Question

How to extract the longest isoform from multi fasta file

1

Entering edit mode

9.7 years ago

jon.brate ▴ 290

Hi,

I have a fasta file of transcript sequences and some of the transcripts are in multiple isoforms.
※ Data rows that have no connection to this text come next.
lemma card_edge_cut_prefix_side:
  assumes "0 < k" "2 * k < n" "0 < m" "m + k \<le> n" "j \<le> k" "j \<le> m"
  defines "X \<equiv> gp_prefix_side m j"
  shows "card (edge_cut (gp_edges n k) X (gp_vertices n - X)) = m + j + 2"
proof -
  let ?B = "edge_cut (gp_edges n k) X (gp_vertices n - X)"
  let ?I = "{p \<in> UNIV \<times> {0..<n}. gp_edge n k p \<in> ?B}"
  let ?O = "{Outer} \<times> {m - 1, n - 1}" and ?S = "{Spoke} \<times> {j..<m}"
    and ?N = "{Inner} \<times> ({0..<j} \<union> {n - k..<n - k + j})"
  have "?B \<subseteq> gp_edge n k ` (UNIV \<times> {0..<n})"
    by (auto simp: edge_cut_def gp_edges_eq_image[symmetric])
  then have "card ?B = card (gp_edge n k ` ?I)" by (intro arg_cong[where f = card]) blast
  also have "\<dots> = card ?I"
    by (rule card_image, rule inj_on_subset[OF inj_on_gp_edge[OF assms(1,2)]]) blast
  also have "\<dots> = card (?O \<union> ?S \<union> ?N)"
    using edge_cut_indices_prefix_side[of m k n j] assms by simp
  also have "\<dots> = card ?O + card ?S + card ?N"
  proof -
    have "finite ?O" "finite ?S" "finite ?N" "?O \<inter> ?S = {}" "(?O \<union> ?S) \<inter> ?N = {}" by auto
    then show ?thesis by (metis card_Un_disjoint finite_UnI)
  qed
  finally have "card ?B = card ?O + card ?S + card ?N" .
  moreover have "card ?O = 2" "card ?S = m - j"
    using assms(1,3,4) by (simp_all add: card_cartesian_product)
  moreover have "card ?N = j + j"
    using assms(4,6) by (simp add: card_cartesian_product card_Un_disjoint)
  ultimately show ?thesis using assms(6) by simp
qed

lemma is_bond_prefix_side:
  assumes "0 < k" "0 < m" "m + k \<le> n" "j \<le> m"
  shows "is_bond (gp_vertices n) (gp_edges n k)
    (edge_cut (gp_edges n k) (gp_prefix_side m j) (gp_vertices n - gp_prefix_side m j))"
proof -
  let ?X = "gp_prefix_side m j"
  have "m < n" using assms(1,3) by simp
  have "?X \<subseteq> gp_vertices n" using \<open>m < n\<close> assms(4) by (auto simp: gp_prefix_side_def gp_vertices_def)
  moreover have "(False, 0) \<in> ?X" using assms(2) by (simp add: gp_prefix_side_def)
  moreover have "(False, m) \<in> gp_vertices n - ?X" using \<open>m < n\<close> by (simp add: gp_prefix_side_def gp_vertices_def)
  moreover have "induced_connected (gp_edges n k) ?X"
    using assms(2,4) \<open>m < n\<close> by (simp add: induced_connected_prefix_side)
  moreover have "induced_connected (gp_edges n k) (gp_vertices n - ?X)"
    using induced_connected_suffix_side[OF assms(1) \<open>m < n\<close> assms(3)] assms(4) \<open>m < n\<close>
    by (simp add: gp_vertices_diff_prefix_side)
  ultimately show ?thesis
    unfolding is_bond_def by (intro exI[of _ ?X] exI[of _ "gp_vertices n - ?X"]) auto
qed

lemma co_spectrum_gp_subset:
  assumes "0 < k" "2 * k < n"
  shows "co_spectrum (gp_vertices n) (gp_edges n k) \<subseteq> {3..n + 2}"
proof
  fix s assume "s \<in> co_spectrum (gp_vertices n) (gp_edges n k)"
  then obtain X Y where "s = card (edge_cut (gp_edges n k) X Y)"
    "X \<noteq> {}" "Y \<noteq> {}" "X \<union> Y = gp_vertices n" "X \<inter> Y = {}"
    "induced_connected (gp_edges n k) X" "induced_connected (gp_edges n k) Y"
    unfolding co_spectrum_def is_bond_def by blast
  then show "s \<in> {3..n + 2}"
    using three_le_card_edge_cut[OF assms] card_edge_cut_gp_le by simp
qed

lemma mem_co_spectrum_gp:
  assumes "0 < k" "2 * k < n" "3 \<le> s" "s \<le> n + 2"
  shows "s \<in> co_spectrum (gp_vertices n) (gp_edges n k)"
proof -
  obtain m j where mj: "0 < m" "m + k \<le> n" "j \<le> k" "j \<le> m" "s = m + j + 2"
  proof (cases "s - 2 + k \<le> n")
    case True
    then show ?thesis using that[of "s - 2" 0] assms by simp
  next
    case False
    then show ?thesis using that[of "n - k" "s - 2 - (n - k)"] assms by simp
  qed
  then show ?thesis
    using is_bond_prefix_side[OF assms(1) mj(1,2,4)] card_edge_cut_prefix_side[OF assms(1,2) mj(1-4)]
    unfolding co_spectrum_def by (metis (mono_tags, lifting) mem_Collect_eq)
qed

theorem theorem1p6:
  fixes n k :: nat
  assumes "n \<ge> 3" and "1 \<le> k" and "2 * k < n"
  shows "co_spectrum (gp_vertices n) (gp_edges n k) = {3..n + 2}"
  \<comment> \<open>The hypothesis n \<ge> 3 is implied by the other two.\<close>
proof
  show "co_spectrum (gp_vertices n) (gp_edges n k) \<subseteq> {3..n + 2}"
    by (rule co_spectrum_gp_subset) (use assms(2,3) in simp_all)
  show "{3..n + 2} \<subseteq> co_spectrum (gp_vertices n) (gp_edges n k)"
    using mem_co_spectrum_gp[of k n] assms(2,3) by (simp add: subset_iff)
qed

end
I want to make a uniq list of the transcripts and choose the longest sequence where a transcript has several isoforms.

Like this:

Original:

>scitn003313.1
CCCTGGCAATCTAAGCCACTGCCGG
>scitn003313.2
GCAATTGTTACTGTCAAAATGATACAACAAAAAAAAGGTCC
>scitn005976.1
GGCAAAGAAGGAGACAAACCAGCAGGATATACATGAAACCTATAATTGAGCAGAGATTTTA

Unique:

>scitn003313.2
GCAATTGTTACTGTCAAAATGATACAACAAAAAAAAGGTCC
>scitn005976.1
GGCAAAGAAGGAGACAAACCAGCAGGATATACATGAAACCTATAATTGAGCAGAGATTTTA

perl extract fasta python isoform • 14k views

ADD COMMENT • link updated 15 days ago by Madeleine • 0 • written 9.7 years ago by jon.brate ▴ 290

5

Entering edit mode

9.7 years ago

Philippe ★ 1.9k

A small script using the seqinr library in R. Maybe not the most straightforward but I wrote this quickly.

# Loading library seqinr
library(seqinr)

# Loading your input file
fa <- read.fasta("input.fa")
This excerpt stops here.